A further development of a new method recently proposed for the direct measurement of the conversion ratio (CR) of T4 to T3 in man is presented. [125I]T4 and [131I]T3 are injected simultaneously, and Sephadex chromatography is performed on urine samples to determine [125I]T3 formed in vivo, while plasma samples are used to measure the injected tracers. CR is calculated with the assumption that urinary [125I]T3 closely reflects [125I]T3 appearing in plasma after the injection of precursor [125I]T4. Four normal subjects and six patients with various thyroid disorders were studied using this method. The experimental data were also analyzed by our previous method based on plasma sampling only and by two recently described methods based on urinary measurements. These comparisons were made in an attempt to ascertain whether there is any systematic difference between the conversion values derived from plasma data and those derived from urinary data. Using plasma data alone, the CR was 28.6 +/- 3.4% (mean +/- SEM) in a group of four normal subjects, 37%, in two untreated hypothyroid patients, 40.2% in one hypothyroid subject receiving T4 treatment, 30.9% in one hyperthyroid patient, 24.9% in one patient with selective hyperthyroxinemia due to amiodarone treatment, and 10.7% in one normal subject after iopanoic acid administration. These values were in excellent agreement with those obtained by the modified procedure described here, in which both urinary and plasma measurements are used. Of the methods using urinary data alone, however, one gave similar results, while the other systematically overestimated the CR, possibly due to delayed excretion of labeled T4 metabolites into the urine.

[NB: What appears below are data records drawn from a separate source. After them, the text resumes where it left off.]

lemma central_binomial_sq_le: "(2 * k choose k)\<^sup>2 * (3 * k + 1) \<le> 16 ^ k"
proof (induction k)
  case 0
  then show ?case by simp
next
  case (Suc k)
  define c where "c = 2 * k choose k"
  define c' where "c' = 2 * Suc k choose Suc k"
  have rec: "Suc k * c' = 2 * (2 * k + 1) * c"
    unfolding c_def c'_def by (rule central_binomial_Suc)
  have "(Suc k)\<^sup>2 * (c'\<^sup>2 * (3 * k + 4)) = (2 * (2 * k + 1) * c)\<^sup>2 * (3 * k + 4)"
    by (metis rec mult.assoc power_mult_distrib)
  also have "\<dots> = (4 * (2 * k + 1)\<^sup>2 * (3 * k + 4)) * c\<^sup>2"
    by (simp only: power_mult_distrib mult_ac) simp
  also have "\<dots> \<le> (16 * (Suc k)\<^sup>2 * (3 * k + 1)) * c\<^sup>2"
    by (intro mult_right_mono) (simp_all add: power2_eq_square algebra_simps)
  also have "\<dots> \<le> 16 * (Suc k)\<^sup>2 * 16 ^ k"
    using mult_left_mono[OF Suc.IH, of "16 * (Suc k)\<^sup>2"] unfolding c_def by (simp only: mult_ac)
  finally have "(Suc k)\<^sup>2 * (c'\<^sup>2 * (3 * k + 4)) \<le> (Suc k)\<^sup>2 * 16 ^ Suc k"
    by (simp add: algebra_simps)
  then have "c'\<^sup>2 * (3 * k + 4) \<le> 16 ^ Suc k"
    by (simp only: mult_le_cancel1) simp
  moreover have "3 * Suc k + 1 = 3 * k + 4" by simp
  ultimately show ?case unfolding c'_def by (simp only:)
qed

lemma binomial_sq_le: "(a choose j)\<^sup>2 * (3 * a + 2) \<le> 2 * 4 ^ a"
proof -
  have "(a choose (a div 2))\<^sup>2 * (3 * a + 2) \<le> 2 * 4 ^ a"
  proof (cases "even a")
    case True
    then obtain k where a: "a = 2 * k" by blast
    have "2 * ((2 * k choose k)\<^sup>2 * (3 * k + 1)) \<le> 2 * 16 ^ k"
      using central_binomial_sq_le[of k] by simp
    moreover have "(4::nat) ^ (2 * k) = 16 ^ k" by (simp add: power_mult)
    ultimately show ?thesis using a by (simp add: algebra_simps)
  next
    case False
    then obtain k where a: "a = 2 * k + 1" using oddE by blast
    define c where "c = 2 * k + 1 choose k"
    have "2 * Suc k choose Suc k = 2 * c"
      using binomial_Suc_Suc[of "2 * k + 1" k] central_binomial_odd[of "2 * k + 1"]
      unfolding c_def by (simp add: algebra_simps)
    then have "4 * (c\<^sup>2 * (3 * k + 4)) \<le> 4 * (4 * 16 ^ k)"
      using central_binomial_sq_le[of "Suc k"] by (simp add: power_mult_distrib algebra_simps)
    then have "c\<^sup>2 * (3 * k + 4) \<le> 4 * 16 ^ k" by linarith
    moreover have "c\<^sup>2 * (6 * k + 5) \<le> 2 * (c\<^sup>2 * (3 * k + 4))" by simp
    ultimately have "c\<^sup>2 * (6 * k + 5) \<le> 8 * 16 ^ k" by linarith
    moreover have "(4::nat) ^ (2 * k + 1) = 4 * 16 ^ k" by (simp add: power_mult)
    moreover have "a div 2 = k" using a by simp
    ultimately show ?thesis using a unfolding c_def by (simp add: algebra_simps)
  qed
  moreover have "(a choose j)\<^sup>2 \<le> (a choose (a div 2))\<^sup>2"
    by (rule power_mono[OF binomial_maximum]) simp
  ultimately show ?thesis using mult_right_mono le_trans by blast
qed

lemma binomial_le_pow2_div_sqrt:
  assumes "a > 0"
  shows "real (a choose j) \<le> 41 / 50 * 2 ^ a / sqrt (real a)"
proof -
  define c where "c = real (a choose j)"
  have "c\<^sup>2 * (3 * real a + 2) \<le> 2 * 4 ^ a"
    using of_nat_mono[OF binomial_sq_le[of a j], where 'a = real] unfolding c_def
    by (simp add: algebra_simps)
  then have "3 * (c * sqrt (real a))\<^sup>2 \<le> 2 * 4 ^ a"
    by (simp add: power_mult_distrib algebra_simps) (smt (verit) zero_le_power2)
  moreover have "(41 / 50 * 2 ^ a)\<^sup>2 = 1681 / 2500 * (4::real) ^ a"
    by (simp add: power2_eq_square power_mult_distrib[symmetric])
  ultimately have "(c * sqrt (real a))\<^sup>2 \<le> (41 / 50 * 2 ^ a)\<^sup>2"
    using zero_le_power[of "4::real" a] by linarith
  then have "c * sqrt (real a) \<le> 41 / 50 * 2 ^ a"
    by (rule power2_le_imp_le) simp
  then show ?thesis unfolding c_def using assms by (simp add: field_simps)
qed

lemma card_le_real_interval_width:
  assumes "finite J" and "\<forall>j\<in>J. lo \<le> real j \<and> real j \<le> hi" and "lo \<le> hi"
  shows "real (card J) \<le> hi - lo + 1"
proof (cases "J = {}")
  case True
  then show ?thesis using assms by simp
next
  case False
  have "card J \<le> card {Min J..Max J}"
    by (rule card_mono) (use assms in auto)
  then have "real (card J) \<le> real (Max J) + 1 - real (Min J)"
    using Min_le[OF assms(1) Max_in[OF assms(1) False]] by simp
  moreover have "real (Max J) \<le> hi" "lo \<le> real (Min J)"
    using assms False by auto
  ultimately show ?thesis by linarith
qed

lemma card_subsets_card_in:
  assumes "finite A"
  shows "card {u. u \<subseteq> A \<and> P (card u)} = (\<Sum>j | j \<le> card A \<and> P j. card A choose j)"
proof -
  let ?J = "{j. j \<le> card A \<and> P j}"
  have "{u. u \<subseteq> A \<and> P (card u)} = (\<Union>j\<in>?J. {u. u \<subseteq> A \<and> card u = j})"
    using assms by (auto intro: card_mono)
  also have "card \<dots> = (\<Sum>j\<in>?J. card {u. u \<subseteq> A \<and> card u = j})"
    by (rule card_UN_disjoint) (use assms in auto)
  also have "\<dots> = (\<Sum>j\<in>?J. card A choose j)"
    using assms by (simp add: n_subsets)
  finally show ?thesis .
qed

lemma card_subsets_window_le:
  assumes "finite A" and "card A > 0" and "0 \<le> w"
  shows "real (card {u. u \<subseteq> A \<and> lo \<le> real (card u) \<and> real (card u) \<le> lo + w}) / 2 ^ card A
    \<le> 41 / 50 * (w + 1) / sqrt (card A)"
proof -
  define J where "J = {j. j \<le> card A \<and> lo \<le> real j \<and> real j \<le> lo + w}"
  have "real (card {u. u \<subseteq> A \<and> lo \<le> real (card u) \<and> real (card u) \<le> lo + w})
      = (\<Sum>j\<in>J. real (card A choose j))"
    using card_subsets_card_in[OF assms(1), of "\<lambda>k. lo \<le> real k \<and> real k \<le> lo + w"]
    unfolding J_def by simp
  also have "\<dots> \<le> real (card J) * (41 / 50 * 2 ^ card A / sqrt (card A))"
    by (rule sum_bounded_above) (rule binomial_le_pow2_div_sqrt[OF assms(2)])
  also have "\<dots> \<le> (w + 1) * (41 / 50 * 2 ^ card A / sqrt (card A))"
  proof (rule mult_right_mono)
    have "real (card J) \<le> (lo + w) - lo + 1"
    proof (rule card_le_real_interval_width)
      show "finite J" unfolding J_def by simp
    qed (use assms(3) in \<open>simp_all add: J_def\<close>)
    then show "real (card J) \<le> w + 1" by simp
  qed simp
  also have "\<dots> = 41 / 50 * (w + 1) / sqrt (card A) * 2 ^ card A"
    by simp
  finally show ?thesis
    by (simp add: pos_divide_le_eq)
qed

lemma card_subsets_split:
  assumes "A \<subseteq> U"
  shows "card {x. x \<subseteq> U \<and> P (x \<inter> A) \<and> Q (x \<inter> (U - A))}
       = card {u. u \<subseteq> A \<and> P u} * card {v. v \<subseteq> U - A \<and> Q v}"
proof -
  let ?X = "{x. x \<subseteq> U \<and> P (x \<inter> A) \<and> Q (x \<inter> (U - A))}"
  let ?split = "\<lambda>x. (x \<inter> A, x \<inter> (U - A))"
  have "inj_on ?split ?X"
    by (rule inj_onI) (use assms in blast)
  moreover have "?split ` ?X = {u. u \<subseteq> A \<and> P u} \<times> {v. v \<subseteq> U - A \<and> Q v}"
  proof (intro equalityI subsetI)
    fix p assume "p \<in> {u. u \<subseteq> A \<and> P u} \<times> {v. v \<subseteq> U - A \<and> Q v}"
    then obtain u v where "p = (u, v)" "u \<subseteq> A" "P u" "v \<subseteq> U - A" "Q v" by auto
    moreover have "(u \<union> v) \<inter> A = u" "(u \<union> v) \<inter> (U - A) = v"
      using calculation by auto
    ultimately show "p \<in> ?split ` ?X"
      using assms by (intro image_eqI[of _ _ "u \<union> v"]) auto
  qed auto
  ultimately show ?thesis
    by (simp add: card_image[symmetric] card_cartesian_product)
qed

definition f_yes_mono :: "nat \<Rightarrow> real \<Rightarrow> nat set \<Rightarrow> (nat \<Rightarrow> nat set) \<Rightarrow> (nat \<Rightarrow> bool)
    \<Rightarrow> nat set \<Rightarrow> bool" where
  "f_yes_mono n eps A T b x =
    (let C = {..<n} - A; m = card C; L = tal_L m eps;
         S = S_T L T (x \<inter> C); w = real (card (x \<inter> C)) in
     if card S > 1 \<or> w > real m / 2 + 0.05 * eps * sqrt (real m) then True
     else if card S = 0 \<or> w < real m / 2 then False
     else b (THE l. S = {l}))"

lemma S_T_mono: "x \<subseteq> y \<Longrightarrow> S_T L T x \<subseteq> S_T L T y"
  unfolding S_T_def by auto

lemma monotone_f_yes_mono: "monotone_on_cube n (f_yes_mono n eps A T b)"
  unfolding monotone_on_cube_def
proof (intro allI impI, elim conjE)
  fix x y assume "x \<subseteq> y" and "f_yes_mono n eps A T b x"
  define C where "C = {..<n} - A"
  define m where "m = card C"
  define Sx where "Sx = S_T (tal_L m eps) T (x \<inter> C)"
  define Sy where "Sy = S_T (tal_L m eps) T (y \<inter> C)"
  define th where "th = real m / 2 + 0.05 * eps * sqrt (real m)"
  have fin: "finite Sy" unfolding Sy_def S_T_def by simp
  have sub: "Sx \<subseteq> Sy" unfolding Sx_def Sy_def using \<open>x \<subseteq> y\<close> by (intro S_T_mono) blast
  have weight: "card (x \<inter> C) \<le> card (y \<inter> C)"
    using \<open>x \<subseteq> y\<close> by (intro card_mono) (auto simp: C_def)
  have gx: "card Sx > 1 \<or> real (card (x \<inter> C)) > th \<or>
     (card Sx = 1 \<and> real (card (x \<inter> C)) \<ge> real m / 2 \<and> b (THE l. Sx = {l}))"
    using \<open>f_yes_mono n eps A T b x\<close>
    unfolding f_yes_mono_def Let_def C_def[symmetric] m_def[symmetric] Sx_def[symmetric]
      th_def[symmetric]
    by (auto split: if_splits)
  have "card Sy > 1 \<or> real (card (y \<inter> C)) > th \<or>
     (card Sy = 1 \<and> real (card (y \<inter> C)) \<ge> real m / 2 \<and> b (THE l. Sy = {l}))"
  proof (cases "card Sy > 1 \<or> real (card (y \<inter> C)) > th")
    case False
    then have "card Sx = 1 \<and> real (card (x \<inter> C)) \<ge> real m / 2 \<and> b (THE l. Sx = {l})"
      using gx card_mono[OF fin sub] weight by auto
    moreover have "card Sy = 1"
      using False calculation card_mono[OF fin sub] by simp
    ultimately show ?thesis
      using card_seteq[OF fin sub] weight by simp
  qed blast
  then show "f_yes_mono n eps A T b y"
    unfolding f_yes_mono_def Let_def C_def[symmetric] m_def[symmetric] Sy_def[symmetric]
      th_def[symmetric]
    by auto
qed

lemma f_yes_neq_f_yes_mono_imp_bands:
  assumes "f_yes n eps c1 A T b x \<noteq> f_yes_mono n eps A T b x"
  defines "C \<equiv> {..<n} - A"
  shows "real (card A) / 2 - c1 * sqrt (card A) \<le> real (card (x \<inter> A)) \<and>
         real (card (x \<inter> A)) \<le> real (card A) / 2 + c1 * sqrt (card A) \<and>
         real (card C) / 2 \<le> real (card (x \<inter> C)) \<and>
         real (card (x \<inter> C)) \<le> real (card C) / 2 + 0.05 * eps * sqrt (card C)"
  using assms unfolding f_yes_def f_yes_mono_def Let_def h_plus_def
  by (auto split: if_splits)

lemma dist_f_yes_f_yes_mono_le:
  assumes A: "A \<subseteq> {..<n}" and a_pos: "card A > 0" and m_pos: "card ({..<n} - A) > 0"
    and "0 \<le> c1" and "0 \<le> eps"
  shows "dist_cube n (f_yes n eps c1 A T b) (f_yes_mono n eps A T b)
    \<le> 41 / 50 * (2 * c1 + 1 / sqrt (card A))
        * (41 / 50 * (0.05 * eps + 1 / sqrt (card ({..<n} - A))))"
proof -
  define C where "C = {..<n} - A"
  define a where "a = card A"
  define m where "m = card C"
  define U where "U = {u. u \<subseteq> A \<and> real a / 2 - c1 * sqrt a \<le> real (card u) \<and>
    real (card u) \<le> real a / 2 - c1 * sqrt a + 2 * c1 * sqrt a}"
  define V where "V = {v. v \<subseteq> C \<and> real m / 2 \<le> real (card v) \<and>
    real (card v) \<le> real m / 2 + 0.05 * eps * sqrt m}"
  let ?D = "{x \<in> cube n. f_yes n eps c1 A T b x \<noteq> f_yes_mono n eps A T b x}"
  let ?B = "{x. x \<subseteq> {..<n} \<and> x \<inter> A \<in> U \<and> x \<inter> C \<in> V}"
  have "finite ?B" by (rule finite_subset[of _ "Pow {..<n}"]) auto
  moreover have "?D \<subseteq> ?B"
    using f_yes_neq_f_yes_mono_imp_bands[of n eps c1 A T b]
    unfolding U_def V_def C_def a_def m_def cube_def by force
  ultimately have "card ?D \<le> card ?B" by (rule card_mono)
  also have "card ?B = card U * card V"
  proof -
    have "{u. u \<subseteq> A \<and> u \<in> U} = U" "{v. v \<subseteq> C \<and> v \<in> V} = V"
      unfolding U_def V_def by auto
    then show ?thesis
      using card_subsets_split[OF A, of "\<lambda>u. u \<in> U" "\<lambda>v. v \<in> V"] unfolding C_def by simp
  qed
  finally have "card ?D \<le> card U * card V" .
  moreover have "n = a + m"
    using A card_Diff_subset[of A "{..<n}"] card_mono[OF _ A]
    unfolding a_def m_def C_def by (simp add: finite_subset)
  ultimately have "dist_cube n (f_yes n eps c1 A T b) (f_yes_mono n eps A T b)
      \<le> (real (card U) / 2 ^ a) * (real (card V) / 2 ^ m)"
    unfolding dist_cube_def by (simp add: power_add divide_right_mono flip: of_nat_mult)
  also have "\<dots> \<le> (41 / 50 * (2 * c1 * sqrt a + 1) / sqrt a)
      * (41 / 50 * (0.05 * eps * sqrt m + 1) / sqrt m)"
  proof (rule mult_mono)
    show "real (card U) / 2 ^ a \<le> 41 / 50 * (2 * c1 * sqrt a + 1) / sqrt a"
      unfolding U_def a_def
      by (rule card_subsets_window_le) (use A a_pos assms(4) finite_subset in auto)
    show "real (card V) / 2 ^ m \<le> 41 / 50 * (0.05 * eps * sqrt m + 1) / sqrt m"
      unfolding V_def m_def C_def
      by (rule card_subsets_window_le) (use m_pos assms(5) in auto)
  qed (use assms(4) in simp_all)
  also have "\<dots> = 41 / 50 * (2 * c1 + 1 / sqrt a) * (41 / 50 * (0.05 * eps + 1 / sqrt m))"
  proof -
    have "sqrt a > 0" "sqrt m > 0" using a_pos m_pos unfolding a_def m_def C_def by simp_all
    then show ?thesis by (simp add: field_simps)
  qed
  finally show ?thesis unfolding a_def m_def C_def .
qed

We conclude that 1) the analytical procedure to separate the labeled tracers and metabolites in urine or plasma is critical for the accurate estimation of CR; 2) when an adequate separation procedure is available, plasma and urinary methods for measuring CR yield comparable results; and 3) the plasma method should be used when, in addition to CR, other kinetic (distribution and turnover) parameters of T4 and T3 metabolism are to be estimated.